==== Materials provided ====

lemma log_concave_tail_prob_le_exp:
  fixes Y :: "'a \<Rightarrow> real"
  assumes [measurable]: "Y \<in> borel_measurable M"
    and "log_concave_function (\<lambda>t. prob {\<omega>\<in>space M. t \<le> Y \<omega>})"
    and "prob {\<omega>\<in>space M. 0 \<le> Y \<omega>} < c" "c \<le> 1"
  shows "\<exists>a>0. \<forall>t. prob {\<omega>\<in>space M. t \<le> Y \<omega>} \<le> c * exp (- a * t)"
proof (cases "prob {\<omega>\<in>space M. 0 \<le> Y \<omega>} = 0")
  case True
  then show ?thesis
    using assms by (intro tail_prob_le_exp_of_null) auto
next
  case False
  then show ?thesis
    using assms by (intro log_concave_tail_prob_le_exp_of_pos) (auto simp: zero_less_measure_iff)
qed

end

section \<open>Lower bounds for the Cramer transform\<close>

lemma log_concave_function_halfspace_measure:
  fixes M :: "'a::euclidean_space measure"
  assumes "sets M = sets borel" and "log_concave_measure M" and "u \<noteq> 0"
  shows "log_concave_function (\<lambda>t. measure M {y\<in>space M. t \<le> u \<bullet> y - r})"
  unfolding log_concave_function_def
proof (intro allI impI)
  fix a b l :: real assume "0 < l" "l < 1"
  define H where "H t = {y. t \<le> u \<bullet> y - r}" for t
  have borel: "H t \<in> sets borel" for t
    unfolding H_def by measurable
  have minkowski: "{(1 - l) *\<^sub>R y + l *\<^sub>R z | y z. y \<in> H a \<and> z \<in> H b} = H ((1 - l) * a + l * b)"
  proof (intro equalityI subsetI)
    fix w assume "w \<in> {(1 - l) *\<^sub>R y + l *\<^sub>R z | y z. y \<in> H a \<and> z \<in> H b}"
    then obtain y z where w: "w = (1 - l) *\<^sub>R y + l *\<^sub>R z" and "y \<in> H a" "z \<in> H b"
      by blast
    have "(1 - l) * a + l * b \<le> (1 - l) * (u \<bullet> y - r) + l * (u \<bullet> z - r)"
      using \<open>y \<in> H a\<close> \<open>z \<in> H b\<close> \<open>0 < l\<close> \<open>l < 1\<close>
      by (intro add_mono mult_left_mono) (auto simp: H_def)
    also have "\<dots> = u \<bullet> w - r"
      unfolding w by (simp add: inner_add_right algebra_simps)
    finally show "w \<in> H ((1 - l) * a + l * b)"
      by (simp add: H_def)
  next
    fix w assume w: "w \<in> H ((1 - l) * a + l * b)"
    \<comment> \<open>Move \<open>w\<close> along \<open>u\<close> to the two parallel hyperplanes.\<close>
    define v where "v = u /\<^sub>R (u \<bullet> u)"
    have "u \<bullet> v = 1"
      using \<open>u \<noteq> 0\<close> by (simp add: v_def)
    define d where "d = (1 - l) * a + l * b"
    have "w + (a - d) *\<^sub>R v \<in> H a" "w + (b - d) *\<^sub>R v \<in> H b"
      using w \<open>u \<bullet> v = 1\<close> by (simp_all add: H_def d_def inner_add_right)
    moreover have "w = (1 - l) *\<^sub>R (w + (a - d) *\<^sub>R v) + l *\<^sub>R (w + (b - d) *\<^sub>R v)"
    proof -
      have "(1 - l) * (a - d) + l * (b - d) = 0"
        by (simp add: d_def algebra_simps)
      moreover have "(1 - l) *\<^sub>R (w + (a - d) *\<^sub>R v) + l *\<^sub>R (w + (b - d) *\<^sub>R v)
          = w + ((1 - l) * (a - d) + l * (b - d)) *\<^sub>R v"
        by (simp add: algebra_simps)
      ultimately show ?thesis
        by simp
    qed
    ultimately show "w \<in> {(1 - l) *\<^sub>R y + l *\<^sub>R z | y z. y \<in> H a \<and> z \<in> H b}"
      by blast
  qed
  have "measure M (H a) powr (1 - l) * measure M (H b) powr l
      \<le> measure (completion M) (H ((1 - l) * a + l * b))"
    using assms(2) borel \<open>0 < l\<close> \<open>l < 1\<close> unfolding log_concave_measure_def minkowski [symmetric]
    by blast
  also have "\<dots> = measure M (H ((1 - l) * a + l * b))"
    using assms(1) borel by (intro measure_completion) simp
  finally show "measure M {y\<in>space M. a \<le> u \<bullet> y - r} powr (1 - l) * measure M {y\<in>space M. b \<le> u \<bullet> y - r} powr l
      \<le> measure M {y\<in>space M. (1 - l) * a + l * b \<le> u \<bullet> y - r}"
    using sets_eq_imp_space_eq [OF assms(1)] by (simp add: H_def)
qed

====

» **Problem statement**
All records above are to be printed exactly, with nothing omitted.

» **Output of the task**
lemma log_concave_tail_prob_le_exp:
  fixes Y :: "'a \<Rightarrow> real"
  assumes [measurable]: "Y \<in> borel_measurable M"
    and "log_concave_function (\<lambda>t. prob {\<omega>\<in>space M. t \<le> Y \<omega>})"
    and "prob {\<omega>\<in>space M. 0 \<le> Y \<omega>} < c" "c \<le> 1"
  shows "\<exists>a>0. \<forall>t. prob {\<omega>\<in>space M. t \<le> Y \<omega>} \<le> c * exp (- a * t)"
proof (cases "prob {\<omega>\<in>space M. 0 \<le> Y \<omega>} = 0")
  case True
  then show ?thesis
    using assms by (intro tail_prob_le_exp_of_null) auto
next
  case False
  then show ?thesis
    using assms by (intro log_concave_tail_prob_le_exp_of_pos) (auto simp: zero_less_measure_iff)
qed

end

section \<open>Lower bounds for the Cramer transform\<close>

lemma log_concave_function_halfspace_measure:
  fixes M :: "'a::euclidean_space measure"
  assumes "sets M = sets borel" and "log_concave_measure M" and "u \<noteq> 0"
  shows "log_concave_function (\<lambda>t. measure M {y\<in>space M. t \<le> u \<bullet> y - r})"
  unfolding log_concave_function_def
proof (intro allI impI)
  fix a b l :: real assume "0 < l" "l < 1"
  define H where "H t = {y. t \<le> u \<bullet> y - r}" for t
  have borel: "H t \<in> sets borel" for t
    unfolding H_def by measurable
  have minkowski: "{(1 - l) *\<^sub>R y + l *\<^sub>R z | y z. y \<in> H a \<and> z \<in> H b} = H ((1 - l) * a + l * b)"
  proof (intro equalityI subsetI)
    fix w assume "w \<in> {(1 - l) *\<^sub>R y + l *\<^sub>R z | y z. y \<in> H a \<and> z \<in> H b}"
    then obtain y z where w: "w = (1 - l) *\<^sub>R y + l *\<^sub>R z" and "y \<in> H a" "z \<in> H b"
      by blast
    have "(1 - l) * a + l * b \<le> (1 - l) * (u \<bullet> y - r) + l * (u \<bullet> z - r)"
      using \<open>y \<in> H a\<close> \<open>z \<in> H b\<close> \<open>0 < l\<close> \<open>l < 1\<close>
      by (intro add_mono mult_left_mono) (auto simp: H_def)
    also have "\<dots> = u \<bullet> w - r"
      unfolding w by (simp add: inner_add_right algebra_simps)
    finally show "w \<in> H ((1 - l) * a + l * b)"
      by (simp add: H_def)
  next
    fix w assume w: "w \<in> H ((1 - l) * a + l * b)"
    \<comment> \<open>Move \<open>w\<close> along \<open>u\<close> to the two parallel hyperplanes.\<close>
    define v where "v = u /\<^sub>R (u \<bullet> u)"
    have "u \<bullet> v = 1"
      using \<open>u \<noteq> 0\<close> by (simp add: v_def)
    define d where "d = (1 - l) * a + l * b"
    have "w + (a - d) *\<^sub>R v \<in> H a" "w + (b - d) *\<^sub>R v \<in> H b"
      using w \<open>u \<bullet> v = 1\<close> by (simp_all add: H_def d_def inner_add_right)
    moreover have "w = (1 - l) *\<^sub>R (w + (a - d) *\<^sub>R v) + l *\<^sub>R (w + (b - d) *\<^sub>R v)"
    proof -
      have "(1 - l) * (a - d) + l * (b - d) = 0"
        by (simp add: d_def algebra_simps)
      moreover have "(1 - l) *\<^sub>R (w + (a - d) *\<^sub>R v) + l *\<^sub>R (w + (b - d) *\<^sub>R v)
          = w + ((1 - l) * (a - d) + l * (b - d)) *\<^sub>R v"
        by (simp add: algebra_simps)
      ultimately show ?thesis
        by simp
    qed
    ultimately show "w \<in> {(1 - l) *\<^sub>R y + l *\<^sub>R z | y z. y \<in> H a \<and> z \<in> H b}"
      by blast
  qed
  have "measure M (H a) powr (1 - l) * measure M (H b) powr l
      \<le> measure (completion M) (H ((1 - l) * a + l * b))"
    using assms(2) borel \<open>0 < l\<close> \<open>l < 1\<close> unfolding log_concave_measure_def minkowski [symmetric]
    by blast
  also have "\<dots> = measure M (H ((1 - l) * a + l * b))"
    using assms(1) borel by (intro measure_completion) simp
  finally show "measure M {y\<in>space M. a \<le> u \<bullet> y - r} powr (1 - l) * measure M {y\<in>space M. b \<le> u \<bullet> y - r} powr l
      \<le> measure M {y\<in>space M. (1 - l) * a + l * b \<le> u \<bullet> y - r}"
    using sets_eq_imp_space_eq [OF assms(1)] by (simp add: H_def)
qed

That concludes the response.